(Dataset records)
________________

(* Let $\delta:G_0\to G_1$ be an open continuous homomorphism of profinite groups with finite kernel. Let $H$ be a closed subgroup of $G_1$ and $\rho:H\to G_0$ a continuous homomorphism with $\delta\circ\rho$ equal to the inclusion $H\hookrightarrow G_1$. Then there exist an open subgroup $U\subset G_1$ containing $H$ and a continuous homomorphism $\rho':U\to G_0$ such that $\rho'|_H=\rho$ and $\delta\circ\rho'$ is the inclusion $U\hookrightarrow G_1$. *)

theory Defs
  imports "HOL-Analysis.Analysis" "HOL-Algebra.Algebra"
begin

definition topological_group :: "'a monoid \<Rightarrow> 'a topology \<Rightarrow> bool" where
  "topological_group G T \<longleftrightarrow>
     group G \<and> topspace T = carrier G \<and>
     continuous_map (prod_topology T T) T (\<lambda>(x, y). x \<otimes>\<^bsub>G\<^esub> y) \<and>
     continuous_map T T (\<lambda>x. inv\<^bsub>G\<^esub> x)"

definition totally_disconnected_space :: "'a topology \<Rightarrow> bool" where
  "totally_disconnected_space T \<longleftrightarrow>
     (\<forall>S. connectedin T S \<longrightarrow> (\<forall>x\<in>S. \<forall>y\<in>S. x = y))"

definition profinite_group :: "'a monoid \<Rightarrow> 'a topology \<Rightarrow> bool" where
  "profinite_group G T \<longleftrightarrow>
     topological_group G T \<and> compact_space T \<and> Hausdorff_space T \<and>
     totally_disconnected_space T"

end

theory Submission
  imports Defs
begin

text \<open>Let \<open>S = \<rho>(H)\<close>, a compact subgroup of \<open>G\<^sub>0\<close> meeting the finite kernel of \<open>\<delta>\<close> only in \<open>1\<close>.
  In a profinite group a compact subgroup can be separated from a finite set disjoint from it
  by an open subgroup \<open>V \<supseteq> S\<close>. Then \<open>\<delta>\<close> is injective on \<open>V\<close>, and since \<open>\<delta>\<close> is open,
  \<open>U = \<delta>(V)\<close> is an open subgroup of \<open>G\<^sub>1\<close> containing \<open>H\<close> on which the inverse of \<open>\<delta>|\<^sub>V\<close>
  is a continuous homomorphism extending \<open>\<rho>\<close>.\<close>

lemma clopen_separating_compact:
  assumes "compact_space T" "Hausdorff_space T" "totally_disconnected_space T"
    and "x \<in> topspace T" "compactin T F" "x \<notin> F"
  obtains C where "openin T C" "closedin T C" "x \<in> C" "C \<inter> F = {}"
proof -
  have "quasi_component_of_set T x \<in> connected_components_of T"
    using assms(1,2,4) quasi_eq_connected_components_of by (auto simp: quasi_components_of_def)
  then have "connectedin T (quasi_component_of_set T x)"
    by (rule connectedin_connected_components_of)
  moreover have "x \<in> quasi_component_of_set T x"
    using assms(4) by simp
  ultimately have "quasi_component_of_set T x = {x}"
    using assms(3) unfolding totally_disconnected_space_def by blast
  moreover have "quasi_component_of_set T x \<in> quasi_components_of T"
    using assms(4) by (simp add: quasi_components_of_def)
  ultimately have "separated_between T {x} F"
    using separated_between_quasi_component_compact assms(5,6) by fastforce
  then obtain C V where C: "openin T C" "x \<in> C" and V: "openin T V" "F \<subseteq> V"
    and "C \<union> V = topspace T" "disjnt C V"
    unfolding separated_between_def by blast
  then have "C = topspace T - V"
    by (auto simp: disjnt_def)
  with C V that show thesis
    by auto
qed

lemma (in group) inv_mult_cancel [simp]:
  "x \<in> carrier G \<Longrightarrow> y \<in> carrier G \<Longrightarrow> inv x \<otimes> (x \<otimes> y) = y"
  and mult_inv_cancel [simp]:
  "x \<in> carrier G \<Longrightarrow> y \<in> carrier G \<Longrightarrow> x \<otimes> (inv x \<otimes> y) = y"
  by (simp_all add: m_assoc[symmetric])

lemma topological_group_group: "topological_group G T \<Longrightarrow> group G"
  and topological_group_topspace: "topological_group G T \<Longrightarrow> topspace T = carrier G"
  by (simp_all add: topological_group_def)

lemma continuous_map_group_mult:
  assumes "topological_group G T" "continuous_map S T f" "continuous_map S T g"
  shows "continuous_map S T (\<lambda>x. f x \<otimes>\<^bsub>G\<^esub> g x)"
proof -
  have "continuous_map S (prod_topology T T) (\<lambda>x. (f x, g x))"
    using assms(2,3) by (simp add: continuous_map_pairedI)
  moreover have "continuous_map (prod_topology T T) T (\<lambda>(x, y). x \<otimes>\<^bsub>G\<^esub> y)"
    using assms(1) by (simp add: topological_group_def)
  ultimately show ?thesis
    using continuous_map_compose[of S "prod_topology T T" "\<lambda>x. (f x, g x)" T "\<lambda>(x, y). x \<otimes>\<^bsub>G\<^esub> y"]
    by (simp add: o_def)
qed

lemma set_mult_eq_image: "A <#>\<^bsub>G\<^esub> B = (\<lambda>(a, b). a \<otimes>\<^bsub>G\<^esub> b) ` (A \<times> B)"
  by (auto simp: set_mult_def)

lemma set_mult3_iff:
  "x \<in> A <#>\<^bsub>G\<^esub> B <#>\<^bsub>G\<^esub> C \<longleftrightarrow> (\<exists>a\<in>A. \<exists>b\<in>B. \<exists>c\<in>C. x = a \<otimes>\<^bsub>G\<^esub> b \<otimes>\<^bsub>G\<^esub> c)"
  unfolding set_mult_def by blast

lemma compactin_set_mult:
  assumes "topological_group G T" "compactin T A" "compactin T B"
  shows "compactin T (A <#>\<^bsub>G\<^esub> B)"
  unfolding set_mult_eq_image
proof (rule image_compactin)
  show "compactin (prod_topology T T) (A \<times> B)"
    using assms(2,3) by (simp add: compactin_Times)
  show "continuous_map (prod_topology T T) T (\<lambda>(a, b). a \<otimes>\<^bsub>G\<^esub> b)"
    using assms(1) by (simp add: topological_group_def)
qed

lemma openin_set_mult3:
  fixes G (structure)
  assumes "topological_group G T" "A \<subseteq> carrier G" "B \<subseteq> carrier G" "openin T C"
  shows "openin T (A <#> C <#> B)"
proof -
  interpret group G using assms(1) by (rule topological_group_group)
  have top: "topspace T = carrier G"
    using assms(1) by (rule topological_group_topspace)
  have "C \<subseteq> carrier G"
    using assms(4) openin_subset top by blast
  have "A <#> C <#> B = (\<Union>(a, b)\<in>A \<times> B. {x \<in> topspace T. inv a \<otimes> x \<otimes> inv b \<in> C})"
  proof (intro Set.set_eqI iffI)
    fix x assume "x \<in> A <#> C <#> B"
    then obtain a c b where abc: "a \<in> A" "c \<in> C" "b \<in> B" and x: "x = a \<otimes> c \<otimes> b"
      unfolding set_mult3_iff by blast
    have "a \<in> carrier G" "c \<in> carrier G" "b \<in> carrier G"
      using abc assms(2,3) \<open>C \<subseteq> carrier G\<close> by blast+
    then have "inv a \<otimes> x \<otimes> inv b = c" and "x \<in> topspace T"
      unfolding x top by (simp_all add: m_assoc)
    with abc show "x \<in> (\<Union>(a, b)\<in>A \<times> B. {x \<in> topspace T. inv a \<otimes> x \<otimes> inv b \<in> C})"
      by auto
  next
    fix x assume "x \<in> (\<Union>(a, b)\<in>A \<times> B. {x \<in> topspace T. inv a \<otimes> x \<otimes> inv b \<in> C})"
    then obtain a b where ab: "a \<in> A" "b \<in> B" and "x \<in> carrier G" "inv a \<otimes> x \<otimes> inv b \<in> C"
      using top by auto
    moreover have "a \<in> carrier G" "b \<in> carrier G"
      using ab assms(2,3) by blast+
    ultimately have "x = a \<otimes> (inv a \<otimes> x \<otimes> inv b) \<otimes> b"
      by (simp add: m_assoc)
    with ab \<open>inv a \<otimes> x \<otimes> inv b \<in> C\<close> show "x \<in> A <#> C <#> B"
      unfolding set_mult3_iff by blast
  qed
  moreover have "openin T {x \<in> topspace T. inv a \<otimes> x \<otimes> inv b \<in> C}"
    if "a \<in> A" "b \<in> B" for a b
  proof (rule openin_continuous_map_preimage[OF _ assms(4)])
    show "continuous_map T T (\<lambda>x. inv a \<otimes> x \<otimes> inv b)"
      using that assms(2,3) top by (intro continuous_map_group_mult[OF assms(1)]) auto
  qed
  ultimately show ?thesis
    by (simp only:) (intro openin_Union; auto)
qed

definition left_stabilizer :: "('a, 'm) monoid_scheme \<Rightarrow> 'a set \<Rightarrow> 'a set" where
  "left_stabilizer G D = {g \<in> carrier G. \<forall>x\<in>carrier G. x \<in> D \<longleftrightarrow> g \<otimes>\<^bsub>G\<^esub> x \<in> D}"

lemma (in group) subgroup_left_stabilizer: "subgroup (left_stabilizer G D) G"
proof (rule subgroupI)
  show "left_stabilizer G D \<subseteq> carrier G" "left_stabilizer G D \<noteq> {}"
    by (auto simp: left_stabilizer_def)
next
  fix g assume "g \<in> left_stabilizer G D"
  then have gc: "g \<in> carrier G" and stab: "\<And>x. x \<in> carrier G \<Longrightarrow> x \<in> D \<longleftrightarrow> g \<otimes> x \<in> D"
    by (auto simp: left_stabilizer_def)
  have "x \<in> D \<longleftrightarrow> inv g \<otimes> x \<in> D" if "x \<in> carrier G" for x
    using stab[of "inv g \<otimes> x"] that gc by (simp add: m_assoc[symmetric])
  then show "inv g \<in> left_stabilizer G D"
    using gc unfolding left_stabilizer_def by blast
next
  fix g h assume "g \<in> left_stabilizer G D" "h \<in> left_stabilizer G D"
  then have gc: "g \<in> carrier G" and hc: "h \<in> carrier G"
    and "\<And>x. x \<in> carrier G \<Longrightarrow> x \<in> D \<longleftrightarrow> g \<otimes> x \<in> D"
    and "\<And>x. x \<in> carrier G \<Longrightarrow> x \<in> D \<longleftrightarrow> h \<otimes> x \<in> D"
    unfolding left_stabilizer_def by blast+
  with gc hc have "x \<in> D \<longleftrightarrow> g \<otimes> h \<otimes> x \<in> D" if "x \<in> carrier G" for x
    using that by (metis m_assoc m_closed)
  then show "g \<otimes> h \<in> left_stabilizer G D"
    using gc hc unfolding left_stabilizer_def by blast
qed

lemma (in group) subgroup_subset_left_stabilizer:
  assumes "subgroup S G" "D \<subseteq> carrier G" "\<And>s x. s \<in> S \<Longrightarrow> x \<in> D \<Longrightarrow> s \<otimes> x \<in> D"
  shows "S \<subseteq> left_stabilizer G D"
proof
  fix s assume s: "s \<in> S"
  have sc: "s \<in> carrier G" and "inv s \<in> S"
    using s assms(1) by (auto simp: subgroup.mem_carrier subgroup.m_inv_closed)
  then have "s \<otimes> x \<in> D \<Longrightarrow> x \<in> D" if "x \<in> carrier G" for x
    using assms(3)[of "inv s" "s \<otimes> x"] that by (simp add: m_assoc[symmetric])
  then show "s \<in> left_stabilizer G D"
    using s sc assms(3) unfolding left_stabilizer_def by blast
qed

lemma openin_left_stabilizer:
  fixes G (structure)
  assumes tg: "topological_group G T" and "compact_space T" "Hausdorff_space T"
    and "openin T D" "closedin T D"
  shows "openin T (left_stabilizer G D)"
proof -
  have top: "topspace T = carrier G"
    using tg by (rule topological_group_topspace)
  \<comment> \<open>The complement of the stabilizer is the projection of the compact set \<open>P\<close> of all
    pairs \<open>(g, x)\<close> such that exactly one of \<open>x\<close> and \<open>g x\<close> lies in \<open>D\<close>.\<close>
  define E where "E = D \<times> (topspace T - D) \<union> (topspace T - D) \<times> D"
  define P where "P = {p \<in> topspace (prod_topology T T). (snd p, fst p \<otimes> snd p) \<in> E}"
  have "continuous_map (prod_topology T T) (prod_topology T T) (\<lambda>p. (snd p, fst p \<otimes> snd p))"
    by (intro continuous_map_pairedI continuous_map_group_mult[OF tg] continuous_map_fst continuous_map_snd)
  moreover have "closedin (prod_topology T T) E"
    using assms(4,5) unfolding E_def by (intro closedin_Un) (auto simp: closedin_prod_Times_iff)
  ultimately have "closedin (prod_topology T T) P"
    unfolding P_def by (rule closedin_continuous_map_preimage)
  then have "compactin (prod_topology T T) P"
    using assms(2) by (simp add: closedin_compact_space compact_space_prod_topology)
  then have "compactin T (fst ` P)"
    using continuous_map_fst by (rule image_compactin)
  then have "closedin T (fst ` P)"
    by (rule compactin_imp_closedin[OF assms(3)])
  moreover have "left_stabilizer G D = topspace T - fst ` P"
    using top monoid.m_closed[OF group.is_monoid[OF topological_group_group[OF tg]]]
    by ((auto simp: left_stabilizer_def P_def E_def image_iff); blast)
  ultimately show ?thesis
    by auto
qed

________________

The task: Find the word "define" in the data and show each line that holds it.

Exercise solution:
  define E where "E = D \<times> (topspace T - D) \<union> (topspace T - D) \<times> D"
  define P where "P = {p \<in> topspace (prod_topology T T). (snd p, fst p \<otimes> snd p) \<in> E}"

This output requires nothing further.